■ What is expected: Please return the whole listing exactly.

■ Information supplied:
lemma hermite_superposition_circle_bound:
  assumes vanish: "\<And>e. norm e = 1 \<Longrightarrow>
      (\<Sum>n\<le>N. \<Sum>m\<le>N. \<beta> n * cnj (\<beta> m) * wigner_hermite_poly n m (\<alpha> * e + \<gamma> * cnj e)) = 0"
    and top: "\<beta> N \<noteq> 0"
  shows "(norm \<gamma>)\<^sup>2 - (norm \<alpha>)\<^sup>2 \<le> 2 * real N + 1"
proof (rule ccontr)
  assume "\<not> ?thesis"
  then have big: "(norm \<gamma>)\<^sup>2 > 2 * real N + 1 + (norm \<alpha>)\<^sup>2"
    by simp
  have "0 \<le> (norm \<alpha>)\<^sup>2" "0 \<le> real N"
    by simp_all
  with big have lag: "2 * (norm \<gamma>)\<^sup>2 > 4 * real N + 2" and "(norm \<gamma>)\<^sup>2 > 0"
    by linarith+
  then have "\<gamma> \<noteq> 0"
    by auto
  have P0: "hermite_circle_poly N \<beta> \<alpha> \<gamma> = 0"
    by (rule poly_eq_0_if_zero_on_unit_circle) (simp add: poly_hermite_circle_poly vanish)
  then have "\<beta> N * cnj (\<beta> N) * 2 ^ (2 * N) * (\<alpha> ^ N * cnj \<gamma> ^ N) = 0"
    by (metis coeff_0 coeff_hermite_circle_poly_top)
  then have "\<alpha> = 0"
    using top \<open>\<gamma> \<noteq> 0\<close> by (cases "N = 0") auto
  with P0 have "(\<Sum>n\<le>N. \<beta> n * cnj (\<beta> n) * wigner_hermite_poly n n \<gamma>) = 0"
    by (metis coeff_0 coeff_hermite_circle_poly_0)
  moreover have "(\<Sum>n\<le>N. \<beta> n * cnj (\<beta> n) * wigner_hermite_poly n n \<gamma>)
      = complex_of_real (\<Sum>n\<le>N. (norm (\<beta> n))\<^sup>2 * (2 ^ n * fact n * ((-1) ^ n * laguerre n (2 * (norm \<gamma>)\<^sup>2))))"
    by (simp add: wigner_hermite_poly_diagonal flip: complex_norm_square)
  moreover have "(\<Sum>n\<le>N. (norm (\<beta> n))\<^sup>2 * (2 ^ n * fact n * ((-1) ^ n * laguerre n (2 * (norm \<gamma>)\<^sup>2)))) > 0"
  proof (rule sum_pos2)
    have "(-1) ^ n * laguerre n (2 * (norm \<gamma>)\<^sup>2) > 0" if "n \<le> N" for n
      using laguerre_sign_pos[OF lag that] .
    then show "0 < (norm (\<beta> N))\<^sup>2 * (2 ^ N * fact N * ((-1) ^ N * laguerre N (2 * (norm \<gamma>)\<^sup>2)))"
      and "\<And>n. n \<in> {..N} \<Longrightarrow> 0 \<le> (norm (\<beta> n))\<^sup>2 * (2 ^ n * fact n * ((-1) ^ n * laguerre n (2 * (norm \<gamma>)\<^sup>2)))"
      using top by (simp_all add: less_imp_le)
  qed auto
  ultimately show False
    by (simp only: of_real_eq_0_iff order_less_irrefl)
qed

■ Written solution:
lemma hermite_superposition_circle_bound:
  assumes vanish: "\<And>e. norm e = 1 \<Longrightarrow>
      (\<Sum>n\<le>N. \<Sum>m\<le>N. \<beta> n * cnj (\<beta> m) * wigner_hermite_poly n m (\<alpha> * e + \<gamma> * cnj e)) = 0"
    and top: "\<beta> N \<noteq> 0"
  shows "(norm \<gamma>)\<^sup>2 - (norm \<alpha>)\<^sup>2 \<le> 2 * real N + 1"
proof (rule ccontr)
  assume "\<not> ?thesis"
  then have big: "(norm \<gamma>)\<^sup>2 > 2 * real N + 1 + (norm \<alpha>)\<^sup>2"
    by simp
  have "0 \<le> (norm \<alpha>)\<^sup>2" "0 \<le> real N"
    by simp_all
  with big have lag: "2 * (norm \<gamma>)\<^sup>2 > 4 * real N + 2" and "(norm \<gamma>)\<^sup>2 > 0"
    by linarith+
  then have "\<gamma> \<noteq> 0"
    by auto
  have P0: "hermite_circle_poly N \<beta> \<alpha> \<gamma> = 0"
    by (rule poly_eq_0_if_zero_on_unit_circle) (simp add: poly_hermite_circle_poly vanish)
  then have "\<beta> N * cnj (\<beta> N) * 2 ^ (2 * N) * (\<alpha> ^ N * cnj \<gamma> ^ N) = 0"
    by (metis coeff_0 coeff_hermite_circle_poly_top)
  then have "\<alpha> = 0"
    using top \<open>\<gamma> \<noteq> 0\<close> by (cases "N = 0") auto
  with P0 have "(\<Sum>n\<le>N. \<beta> n * cnj (\<beta> n) * wigner_hermite_poly n n \<gamma>) = 0"
    by (metis coeff_0 coeff_hermite_circle_poly_0)
  moreover have "(\<Sum>n\<le>N. \<beta> n * cnj (\<beta> n) * wigner_hermite_poly n n \<gamma>)
      = complex_of_real (\<Sum>n\<le>N. (norm (\<beta> n))\<^sup>2 * (2 ^ n * fact n * ((-1) ^ n * laguerre n (2 * (norm \<gamma>)\<^sup>2))))"
    by (simp add: wigner_hermite_poly_diagonal flip: complex_norm_square)
  moreover have "(\<Sum>n\<le>N. (norm (\<beta> n))\<^sup>2 * (2 ^ n * fact n * ((-1) ^ n * laguerre n (2 * (norm \<gamma>)\<^sup>2)))) > 0"
  proof (rule sum_pos2)
    have "(-1) ^ n * laguerre n (2 * (norm \<gamma>)\<^sup>2) > 0" if "n \<le> N" for n
      using laguerre_sign_pos[OF lag that] .
    then show "0 < (norm (\<beta> N))\<^sup>2 * (2 ^ N * fact N * ((-1) ^ N * laguerre N (2 * (norm \<gamma>)\<^sup>2)))"
      and "\<And>n. n \<in> {..N} \<Longrightarrow> 0 \<le> (norm (\<beta> n))\<^sup>2 * (2 ^ n * fact n * ((-1) ^ n * laguerre n (2 * (norm \<gamma>)\<^sup>2)))"
      using top by (simp_all add: less_imp_le)
  qed auto
  ultimately show False
    by (simp only: of_real_eq_0_iff order_less_irrefl)
qed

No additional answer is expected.